Examining the dozens of resources that are available through the U. S. Government alone is enough to leave one’s head spinning. The U.S. Department of Health and Human Services has tried to streamline the information overload through the Center for Medicare and Medicaid Services (formerly the Health Care Financing Administration). This group oversees not only Medicare and Medicaid, but also children’s insurance through the State Children’s Health Insurance Program (SCHIP).
Medicaid, which is designed to cover the health costs of those whose income falls beneath a certain minimum number, can be helpful for some people. But each state determines how Medicaid is distributed and individual levels of eligibility. For someone who is struggling but not quite poor enough to receive Medicaid, the program offers little consolation.
The SCHIP offers more leeway, trying to redress the problem of what to do when a family makes too much money for Medicaid but not enough to pay for private coverage.
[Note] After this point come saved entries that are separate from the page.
(* Let $N\ge2$, $d\in\mathbb{N}^*$, $\alpha>0$, $A\in\mathbb{R}_+^{N\times N}$, and let $\psi:\mathbb{R}_+\to\mathbb{R}_+$ satisfy $(r_1-r_2)(\psi(r_1)-\psi(r_2))\le0$ for all $r_1,r_2\ge0$ and $0<\psi(r)\le\psi(0)\le1$. Assume the hierarchical leadership condition: $A_{ij}>0$ only if $j<i$, and for all $i>1$ there exists $j<i$ with $A_{ij}>0$. Consider solutions on $\mathbb{R}_+$ of $$\frac{dx_i}{dt}=v_i,\qquad\frac{dv_i}{dt}=\alpha\sum_{j\ne i}Q_t(i,j)(v_j-v_i)$$ with either (CS) $Q_t(i,j)=A_{ij}\psi(\|x_j(t)-x_i(t)\|_2)$, or (MT) $Q_t(i,j)=\dfrac{A_{ij}\psi(\|x_i(t)-x_j(t)\|_2)}{a_i+\sum_{k\ne i}A_{ik}\psi(\|x_i(t)-x_k(t)\|_2)}$, where $a\in\mathbb{R}_+^N$ satisfies $a_i>0$ whenever $A_{ij}=0$ for all $j\ne i$. Then the solution flocks provided $$V(0)<C_{HL}\sup_{r\ge X(0)}(r-X(0))\psi(r)\quad\text{for (CS)},$$ $$V(0)<M_{HL}\sup_{r\ge X(0)}(r-X(0))\frac{(\bar a+A_* )\psi(r)}{\bar a+A_*\psi(r)}\quad\text{for (MT)},$$ where $A_*=\inf_{i>1}\sum_{j\ne i}A_{ij}$, $B_*=\inf_{i>1}\sum_{j\ne i}B_{ij}$ with $B_{ij}=\dfrac{A_{ij}}{a_i+\sum_{k\ne i}A_{ik}}$, $C_{HL}=\alpha A_*/H$, $M_{HL}=\alpha B_*/H$, and $\bar a=\sup_{i>1}a_i$. In particular, for (MT), if $\bar a=0$ the flocking is unconditional (occurs for every initial condition).
   Context: The interaction graph has vertices $\{1,\dots,N\}$ and an edge $i\to j$ iff $i\ne j$ and $A_{ij}>0$; the length of a path is its number of edges. For $i>1$, $h_i$ is the maximal length of a path from $i$ to $1$, and $H=\sup_{i>1}h_i$. $X(t)=\sup_{i,j}\|x_i(t)-x_j(t)\|_2$, $V(t)=\sup_{i,j}\|v_i(t)-v_j(t)\|_2$; flocking means $\sup_{t\ge0}X(t)<+\infty$ and $V(t)\to0$ as $t\to+\infty$. *)

theory Defs
  imports "HOL-Analysis.Analysis"
begin

text \<open>Agents are indexed by 1..N; the interaction matrix is A :: nat => nat => real.
  Edge i -> j iff i ~= j and A i j > 0.\<close>

definition is_path_to_1 :: "(nat \<Rightarrow> nat \<Rightarrow> real) \<Rightarrow> nat \<Rightarrow> nat \<Rightarrow> nat list \<Rightarrow> bool" where
  "is_path_to_1 A N i p \<longleftrightarrow> p \<noteq> [] \<and> hd p = i \<and> last p = 1 \<and> set p \<subseteq> {1..N} \<and> distinct p
     \<and> (\<forall>k. Suc k < length p \<longrightarrow> p ! k \<noteq> p ! Suc k \<and> A (p ! k) (p ! Suc k) > 0)"

definition hlen :: "(nat \<Rightarrow> nat \<Rightarrow> real) \<Rightarrow> nat \<Rightarrow> nat \<Rightarrow> nat" where
  "hlen A N i = Max {length p - 1 | p. is_path_to_1 A N i p}"

definition Hdepth :: "(nat \<Rightarrow> nat \<Rightarrow> real) \<Rightarrow> nat \<Rightarrow> nat" where
  "Hdepth A N = Max (hlen A N ` {2..N})"

definition Astar :: "(nat \<Rightarrow> nat \<Rightarrow> real) \<Rightarrow> nat \<Rightarrow> real" where
  "Astar A N = Min ((\<lambda>i. \<Sum>j\<in>{1..N} - {i}. A i j) ` {2..N})"

definition Bmat :: "(nat \<Rightarrow> nat \<Rightarrow> real) \<Rightarrow> (nat \<Rightarrow> real) \<Rightarrow> nat \<Rightarrow> nat \<Rightarrow> nat \<Rightarrow> real" where
  "Bmat A a N i j = A i j / (a i + (\<Sum>k\<in>{1..N} - {i}. A i k))"

definition Bstar :: "(nat \<Rightarrow> nat \<Rightarrow> real) \<Rightarrow> (nat \<Rightarrow> real) \<Rightarrow> nat \<Rightarrow> real" where
  "Bstar A a N = Min ((\<lambda>i. \<Sum>j\<in>{1..N} - {i}. Bmat A a N i j) ` {2..N})"

definition abar :: "(nat \<Rightarrow> real) \<Rightarrow> nat \<Rightarrow> real" where
  "abar a N = Max (a ` {2..N})"

definition diam :: "nat \<Rightarrow> (nat \<Rightarrow> 'a::real_normed_vector) \<Rightarrow> real" where
  "diam N y = Max {norm (y i - y j) | i j. i \<in> {1..N} \<and> j \<in> {1..N}}"

definition Q_CS :: "(nat \<Rightarrow> nat \<Rightarrow> real) \<Rightarrow> (real \<Rightarrow> real) \<Rightarrow> (real \<Rightarrow> nat \<Rightarrow> 'a::real_normed_vector)
    \<Rightarrow> real \<Rightarrow> nat \<Rightarrow> nat \<Rightarrow> real" where
  "Q_CS A \<psi> x t i j = A i j * \<psi> (norm (x t j - x t i))"

definition Q_MT :: "(nat \<Rightarrow> nat \<Rightarrow> real) \<Rightarrow> (nat \<Rightarrow> real) \<Rightarrow> nat \<Rightarrow> (real \<Rightarrow> real)
    \<Rightarrow> (real \<Rightarrow> nat \<Rightarrow> 'a::real_normed_vector) \<Rightarrow> real \<Rightarrow> nat \<Rightarrow> nat \<Rightarrow> real" where
  "Q_MT A a N \<psi> x t i j = A i j * \<psi> (norm (x t i - x t j))
      / (a i + (\<Sum>k\<in>{1..N} - {i}. A i k * \<psi> (norm (x t i - x t k))))"

definition solves :: "nat \<Rightarrow> real \<Rightarrow> (real \<Rightarrow> nat \<Rightarrow> nat \<Rightarrow> real)
    \<Rightarrow> (real \<Rightarrow> nat \<Rightarrow> 'a::real_normed_vector) \<Rightarrow> (real \<Rightarrow> nat \<Rightarrow> 'a) \<Rightarrow> bool" where
  "solves N \<alpha> Q x v \<longleftrightarrow> (\<forall>t\<ge>0. \<forall>i\<in>{1..N}.
      ((\<lambda>s. x s i) has_vector_derivative v t i) (at t within {0..}) \<and>
      ((\<lambda>s. v s i) has_vector_derivative
          (\<alpha> *\<^sub>R (\<Sum>j\<in>{1..N} - {i}. Q t i j *\<^sub>R (v t j - v t i)))) (at t within {0..}))"

definition flocks :: "nat \<Rightarrow> (real \<Rightarrow> nat \<Rightarrow> 'a::real_normed_vector) \<Rightarrow> (real \<Rightarrow> nat \<Rightarrow> 'a) \<Rightarrow> bool" where
  "flocks N x v \<longleftrightarrow> bdd_above ((\<lambda>t. diam N (x t)) ` {0..})
      \<and> ((\<lambda>t. diam N (v t)) \<longlongrightarrow> 0) at_top"

end

theory Submission
  imports Defs
begin

text \<open>
  Suppose that, as long as the positions have diameter at most r, every follower i > 1 receives
  total coupling weight at least \<gamma> from agents of strictly lower depth. The leader 1 moves with
  constant velocity, and by induction on the depth l a comparison argument shows that the
  velocity of an agent of depth l approaches the leader's at least as fast as
  E_l(t) = exp(-\<gamma> t) \<Sum>_{k<l} (\<gamma> t)^k / k!, the survival function of an Erlang(l, \<gamma>)
  distribution, because E_{l+1}' = \<gamma> (E_l - E_{l+1}). Hence V(t) \<le> V(0) E_H(t) \<longrightarrow> 0, and
  integrating, X(t) \<le> X(0) + H V(0) / \<gamma>. If this bound is smaller than r, a continuity argument
  shows that the diameter never reaches r, so both estimates hold for all time. For Cucker--Smale
  weights one can take \<gamma> = \<alpha> A_* \<psi>(r), for Motsch--Tadmor weights
  \<gamma> = \<alpha> B_* (a + A_*) \<psi>(r) / (a + A_* \<psi>(r)) with a the largest a_i, and the hypotheses of the
  theorem say precisely that some r \<ge> X(0) satisfies X(0) + H V(0) / \<gamma> < r.
\<close>

section \<open>Erlang survival functions\<close>

definition erlang_survival :: "real \<Rightarrow> nat \<Rightarrow> real \<Rightarrow> real" where
  "erlang_survival \<gamma> k t = exp (- \<gamma> * t) * (\<Sum>l<k. (\<gamma> * t) ^ l / fact l)"

lemma erlang_survival_0 [simp]: "erlang_survival \<gamma> 0 t = 0"
  by (simp add: erlang_survival_def)

lemma erlang_survival_nonneg: "0 \<le> \<gamma> \<Longrightarrow> 0 \<le> t \<Longrightarrow> 0 \<le> erlang_survival \<gamma> k t"
  unfolding erlang_survival_def by (intro mult_nonneg_nonneg sum_nonneg) auto

lemma erlang_survival_mono:
  assumes "0 \<le> \<gamma>" "0 \<le> t" "k \<le> k'"
  shows "erlang_survival \<gamma> k t \<le> erlang_survival \<gamma> k' t"
  unfolding erlang_survival_def using assms by (intro mult_left_mono sum_mono2) auto

lemma erlang_survival_at_0: "1 \<le> k \<Longrightarrow> erlang_survival \<gamma> k 0 = 1"
  by (cases k) (simp_all add: erlang_survival_def sum.lessThan_Suc_shift del: sum.lessThan_Suc)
In fiscal year 2000, some 3.3 million children were covered by SCHIP. Again, each state administers its own program, with oversight by the U. S. Department of Health and Human Services. Some states will do a better job than others, and no system is foolproof, but at least SCHIP begins to address what for many families is the most unnerving drawback to lack of coverage: how to pay for their children’s needs.
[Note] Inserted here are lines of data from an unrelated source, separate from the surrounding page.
(* Let $\phi_1,\dots,\phi_k\in C^\infty(\mathbb R^n)$, $\widetilde J=(\phi_1,\dots,\phi_k)$, and assume $\{x:\wedge^kD\widetilde J(x)=0\}$ has Lebesgue measure zero. Let $Y$ be a complete vector field on $\mathbb R^n$ tangent to each level set $\widetilde\Sigma_\lambda=\widetilde J^{-1}(\lambda)$, and for regular $\lambda$ let $Y^\lambda=(i^\lambda_* )^{-1}\circ Y|_{\widetilde\Sigma_\lambda}$. Then quantization and reduction commute strongly on $J_Y(x,\xi)=\langle Y(x),\xi\rangle$: for every $\hbar\neq0$, $u\in C_c^\infty(\mathbb R^n)$ and every point $z$ with $\wedge^kD\widetilde J(z)\neq0$, writing $\lambda=\widetilde J(z)$, $$\rho(z)^{-1/2}\Big[-i\hbar\big(Y^{\lambda}+\tfrac12\mathrm{div}\,Y^{\lambda}\big)\big(\rho^{1/2}u|_{\widetilde\Sigma_{\lambda}}\big)\Big](z)=\Big[-i\hbar\big(Y+\tfrac12\mathrm{div}\,Y\big)u\Big](z),$$ that is, $\mathrm{Op}_\hbar(J_Y)u=T_x^*\Big[\int^\oplus_{\widetilde J(\mathbb R^n)}\mathrm{Op}^\lambda_\hbar(J_{Y^\lambda})\,d\lambda\Big]T_xu$.
   Context: $\rho(x)=\|\wedge^kD\widetilde J(x)\|^{-1}$ (operator norm of the induced map $\wedge^k\mathbb R^n\to\wedge^k\mathbb R^k\cong\mathbb R$). $T_x$ is the unitary from $L^2(\mathbb R^n)$ to $\int^\oplus L^2(\widetilde\Sigma_\lambda,\eta_\lambda)\,d\lambda$ (over regular values in $\widetilde J(\mathbb R^n)$, $\eta_\lambda$ the Riemannian volume of $\widetilde\Sigma_\lambda$) given by $[T_xu(\lambda)](z)=\rho(z)^{1/2}u(z)$. $\mathrm{Op}_\hbar$ is the Weyl quantization on $\mathbb R^{2n}$, for which $\mathrm{Op}_\hbar(J_Y)=-i\hbar(Y+\frac12\mathrm{div}\,Y)$. For a Riemannian manifold $M$ and complete vector field $X$ on $M$, the Weyl–Landsman quantization of $J_X(m,\xi)=\langle X(m),\xi\rangle_m$ on $L^2(M)$ is $\mathrm{Op}^M_\hbar(J_X)=-i\hbar(X+\frac12\mathrm{div}\,X)$ (Riemannian divergence); $\mathrm{Op}^\lambda_\hbar$ denotes this for $M=\widetilde\Sigma_\lambda$. Under the identification of the reduced space of $\{\phi_j(x)\}$ at $\lambda$ with $T^*\widetilde\Sigma_\lambda$, the reduced function of $J_Y$ is $J_{Y^\lambda}$. *)

theory Defs
  imports "HOL-Analysis.Analysis"
begin

text \<open>Iterated directional (Frechet) derivatives; C-infinity smoothness means that all
  of them exist (are Frechet differentiable) everywhere.\<close>
fun iter_dd :: "('a::real_normed_vector \<Rightarrow> 'b::real_normed_vector) \<Rightarrow> 'a list \<Rightarrow> 'a \<Rightarrow> 'b" where
  "iter_dd f [] = f"
| "iter_dd f (v # vs) = (\<lambda>x. frechet_derivative (iter_dd f vs) (at x) v)"

definition smooth :: "('a::real_normed_vector \<Rightarrow> 'b::real_normed_vector) \<Rightarrow> bool" where
  "smooth f \<longleftrightarrow> (\<forall>vs x. iter_dd f vs differentiable (at x))"

definition supp :: "('a::topological_space \<Rightarrow> 'b::zero) \<Rightarrow> 'a set" where
  "supp f = closure {x. f x \<noteq> 0}"

definition grad_comp :: "(real^'n \<Rightarrow> real^'k) \<Rightarrow> 'k \<Rightarrow> real^'n \<Rightarrow> real^'n" where
  "grad_comp J j x = (\<chi> l. frechet_derivative J (at x) (axis l 1) $ j)"

text \<open>Norm of the covector wedge^k DJ(x) = d phi_1 /\ ... /\ d phi_k, i.e. the operator
  norm of wedge^k DJ(x) : wedge^k R^n -> R, computed as the square root of the Gram
  determinant of the gradients.\<close>
definition wedge_norm :: "(real^'n \<Rightarrow> real^'k) \<Rightarrow> real^'n \<Rightarrow> real" where
  "wedge_norm J x = sqrt (det (\<chi> i j. grad_comp J i x \<bullet> grad_comp J j x))"

definition rho :: "(real^'n \<Rightarrow> real^'k) \<Rightarrow> real^'n \<Rightarrow> real" where
  "rho J x = inverse (wedge_norm J x)"

definition level_set :: "(real^'n \<Rightarrow> real^'k) \<Rightarrow> real^'k \<Rightarrow> (real^'n) set" where
  "level_set J lam = J -` {lam}"

definition tangent_space :: "(real^'n \<Rightarrow> real^'k) \<Rightarrow> real^'n \<Rightarrow> (real^'n) set" where
  "tangent_space J z = {v. frechet_derivative J (at z) v = 0}"

definition tangent_onb :: "(real^'n \<Rightarrow> real^'k) \<Rightarrow> real^'n \<Rightarrow> (real^'n) set" where
  "tangent_onb J z = (SOME B. B \<subseteq> tangent_space J z \<and> pairwise orthogonal B
      \<and> (\<forall>e\<in>B. norm e = 1) \<and> span B = tangent_space J z)"

definition div_euc :: "(real^'n \<Rightarrow> real^'n) \<Rightarrow> real^'n \<Rightarrow> real" where
  "div_euc Y z = (\<Sum>i\<in>Basis. frechet_derivative Y (at z) i \<bullet> i)"

text \<open>Riemannian divergence of the restriction Y^lambda of a tangent vector field Y to the
  level set through the regular point z (induced metric): trace of the Levi-Civita
  covariant derivative, which for an embedded submanifold is the tangential projection
  of the ambient derivative (Gauss formula): sum over an orthonormal basis e of T_z Sigma
  of  e . (DY(z) e).\<close>
definition div_level :: "(real^'n \<Rightarrow> real^'k) \<Rightarrow> (real^'n \<Rightarrow> real^'n) \<Rightarrow> real^'n \<Rightarrow> real" where
  "div_level J Y z = (\<Sum>e\<in>tangent_onb J z. e \<bullet> (frechet_derivative Y (at z) e))"

text \<open>Phi is the (global) flow of Y: Y is complete.\<close>
definition is_flow :: "(real^'n \<Rightarrow> real^'n) \<Rightarrow> (real \<Rightarrow> real^'n \<Rightarrow> real^'n) \<Rightarrow> bool" where
  "is_flow Y Phi \<longleftrightarrow> (\<forall>x. Phi 0 x = x) \<and>
     (\<forall>t x. ((\<lambda>s. Phi s x) has_vector_derivative Y (Phi t x)) (at t))"

text \<open>The vector field Y^lambda acting on a function f defined on the level set
  Sigma_lambda (lambda = J z), evaluated at z: derivative of f along the integral curve
  of Y through z, which stays in Sigma_lambda. Only values of f on Sigma_lambda are used.\<close>
definition vf_level :: "(real \<Rightarrow> real^'n \<Rightarrow> real^'n) \<Rightarrow> (real^'n \<Rightarrow> complex) \<Rightarrow> real^'n \<Rightarrow> complex" where
  "vf_level Phi f z = vector_derivative (\<lambda>t. f (Phi t z)) (at 0)"

end

theory Submission
  imports Defs
begin

text \<open>Write \<open>M\<close> and \<open>L\<close> for the Jacobians of \<open>J\<close> and \<open>Y\<close> at the regular point \<open>z\<close>, and
  \<open>P = M\<^sup>T (M M\<^sup>T)\<^sup>-\<^sup>1 M\<close> for the orthogonal projection onto the normal space of the level set.
  The divergence of \<open>Y\<^sup>\<lambda>\<close> is the trace of \<open>L\<close> compressed to \<open>ker M\<close>, i.e. \<open>div Y - tr (L P)\<close>.
  Differentiating the tangency condition \<open>DJ(x) Y(x) = 0\<close> and using the symmetry of second
  derivatives shows that the Gram matrix \<open>M M\<^sup>T\<close> changes along \<open>Y\<close> at the rate \<open>-(A + A\<^sup>T)\<close>,
  \<open>A = M L M\<^sup>T\<close>; by Jacobi's formula \<open>det (M M\<^sup>T)\<close> changes at the rate \<open>-2 tr (L P) det (M M\<^sup>T)\<close>.
  Since \<open>\<rho>\<^sup>1\<^sup>/\<^sup>2 = det (M M\<^sup>T)\<^sup>-\<^sup>1\<^sup>/\<^sup>4\<close>, this gives \<open>Y \<rho>\<^sup>1\<^sup>/\<^sup>2 = tr (L P) \<rho>\<^sup>1\<^sup>/\<^sup>2 / 2\<close>, and the product
  rule turns the left-hand side into \<open>Y u + (tr (L P) + div Y - tr (L P)) u / 2\<close>.

  The identity is pointwise at a regular point.\<close>

section \<open>Symmetry of second derivatives\<close>

lemma second_difference_mvt:
  fixes f :: "'a::real_normed_vector \<Rightarrow> real"
  assumes df: "\<And>x. (f has_derivative Df x) (at x)" and s: "s > 0"
  obtains \<theta> where "0 < \<theta>" "\<theta> < s"
    "f (z + s *\<^sub>R v + s *\<^sub>R w) - f (z + s *\<^sub>R v) - f (z + s *\<^sub>R w) + f z
       = s * (Df (z + s *\<^sub>R w + \<theta> *\<^sub>R v) v - Df (z + \<theta> *\<^sub>R v) v)"
proof -
  define \<psi> where "\<psi> t = f (z + s *\<^sub>R w + t *\<^sub>R v) - f (z + t *\<^sub>R v)" for t
  have along_line: "((\<lambda>t. f (a + t *\<^sub>R v)) has_derivative (\<lambda>h. h * Df (a + t *\<^sub>R v) v)) (at t)"
    for a t
  proof -
    have "((\<lambda>t. a + t *\<^sub>R v) has_derivative (\<lambda>h. h *\<^sub>R v)) (at t)"
      by (auto intro!: derivative_eq_intros)
    from has_derivative_compose[OF this df] show ?thesis
      using has_derivative_linear[OF df] by (simp add: linear_scale)
  qed
  have der: "(\<psi> has_derivative
      (\<lambda>h. h * (Df (z + s *\<^sub>R w + t *\<^sub>R v) v - Df (z + t *\<^sub>R v) v))) (at t)" for t
    unfolding \<psi>_def
    by (rule has_derivative_eq_rhs[OF has_derivative_diff[OF along_line along_line]])
      (simp add: right_diff_distrib)
  have "continuous_on {0..s} \<psi>"
    using der by (meson continuous_at_imp_continuous_on has_derivative_continuous)
  from mvt[OF s this der] obtain \<theta> where "0 < \<theta>" "\<theta> < s"
    "\<psi> s - \<psi> 0 = (s - 0) * (Df (z + s *\<^sub>R w + \<theta> *\<^sub>R v) v - Df (z + \<theta> *\<^sub>R v) v)"
    by metis
  moreover have "z + s *\<^sub>R w + s *\<^sub>R v = z + s *\<^sub>R v + s *\<^sub>R w"
    by (simp add: algebra_simps)
  ultimately show ?thesis by (intro that) (simp_all add: \<psi>_def, linarith)
qed

lemma second_difference_estimate:
  fixes f :: "'a::real_normed_vector \<Rightarrow> real"
  assumes df: "\<And>x. (f has_derivative Df x) (at x)"
    and hv: "((\<lambda>x. Df x v) has_derivative Hv) (at z)"
    and e: "e > 0"
  shows "\<exists>s0>0. \<forall>s. 0 < s \<and> s < s0 \<longrightarrow>
     \<bar>f (z + s *\<^sub>R v + s *\<^sub>R w) - f (z + s *\<^sub>R v) - f (z + s *\<^sub>R w) + f z - s\<^sup>2 * Hv w\<bar>
       \<le> 2 * e * s\<^sup>2 * (norm v + norm w)"
proof -
  from hv[unfolded has_derivative_at_alt] e obtain d where d: "d > 0"
    and close: "\<And>y. norm (y - z) < d \<Longrightarrow> \<bar>Df y v - Df z v - Hv (y - z)\<bar> \<le> e * norm (y - z)"
    and "bounded_linear Hv"
    by (metis real_norm_def)
  then have linH: "linear Hv" using bounded_linear.linear by blast
  define C where "C = norm v + norm w"
  have C0: "C \<ge> 0" by (simp add: C_def)
  show ?thesis
  proof (intro exI[of _ "d / (C + 1)"] conjI allI impI)
    show "d / (C + 1) > 0" using d C0 by simp
    fix s :: real assume "0 < s \<and> s < d / (C + 1)"
    then have s0: "s > 0" and sC: "s * C < d"
      using C0 d by (auto simp: field_simps)
    obtain \<theta> where \<theta>: "0 < \<theta>" "\<theta> < s"
      and mv: "f (z + s *\<^sub>R v + s *\<^sub>R w) - f (z + s *\<^sub>R v) - f (z + s *\<^sub>R w) + f z
       = s * (Df (z + s *\<^sub>R w + \<theta> *\<^sub>R v) v - Df (z + \<theta> *\<^sub>R v) v)"
      using second_difference_mvt[OF df s0] by metis
    define y1 where "y1 = s *\<^sub>R w + \<theta> *\<^sub>R v"
    define y2 where "y2 = \<theta> *\<^sub>R v"
    have n1: "norm y1 \<le> s * C"
    proof -
      have "norm y1 \<le> s * norm w + \<theta> * norm v" unfolding y1_def
        using \<theta> s0 by (smt (verit) norm_scaleR norm_triangle_ineq abs_of_pos)
      also have "\<dots> \<le> s * C" unfolding C_def using \<theta> by (simp add: algebra_simps mult_right_mono)
      finally show ?thesis .
    qed
    have n2: "norm y2 \<le> s * C"
      unfolding y2_def C_def using \<theta> by (simp add: algebra_simps mult_right_mono add_increasing2)
    have b1: "\<bar>Df (z + y1) v - Df z v - Hv y1\<bar> \<le> e * norm y1"
      using close[of "z + y1"] n1 sC by simp
    have b2: "\<bar>Df (z + y2) v - Df z v - Hv y2\<bar> \<le> e * norm y2"
      using close[of "z + y2"] n2 sC by simp
    have "Hv y1 - Hv y2 = s * Hv w"
      unfolding y1_def y2_def using linH by (simp add: linear_add linear_scale)
    then have "\<bar>(Df (z + y1) v - Df (z + y2) v) - s * Hv w\<bar> \<le> e * norm y1 + e * norm y2"
      using b1 b2 by linarith
    also have "\<dots> \<le> 2 * e * (s * C)"
      using mult_left_mono[OF n1, of e] mult_left_mono[OF n2, of e] e by linarith
    finally have "s * \<bar>(Df (z + y1) v - Df (z + y2) v) - s * Hv w\<bar> \<le> s * (2 * e * (s * C))"
      using s0 by (simp add: mult_left_mono)
    moreover have "\<bar>s * ((Df (z + y1) v - Df (z + y2) v) - s * Hv w)\<bar>
        = s * \<bar>(Df (z + y1) v - Df (z + y2) v) - s * Hv w\<bar>"
      using s0 by (simp add: abs_mult)
    ultimately show "\<bar>f (z + s *\<^sub>R v + s *\<^sub>R w) - f (z + s *\<^sub>R v) - f (z + s *\<^sub>R w) + f z - s\<^sup>2 * Hv w\<bar>
       \<le> 2 * e * s\<^sup>2 * (norm v + norm w)"
      unfolding mv C_def y1_def y2_def
      by (simp add: power2_eq_square right_diff_distrib add.assoc mult.assoc mult.left_commute)
  qed
qed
One of the problems that Medicaid, SCHIP, and other programs to help the uninsured pay for medical expenses is that there is a surprising lack of knowledge of these programs among the very people they are designed to serve. In 1999, according to EBRI, only 22 percent of uninsured Americans were aware of low-cost or free insurance or medical programs for uninsured adults and children in their state. That number rose to 37 percent in 2000 and dropped to 31 percent in 2001. Part of the reason for the rise and then drop is that the economy began a downward shift in 2000; more people lost their jobs and more companies cut back on health care offerings, which left more people uninsured.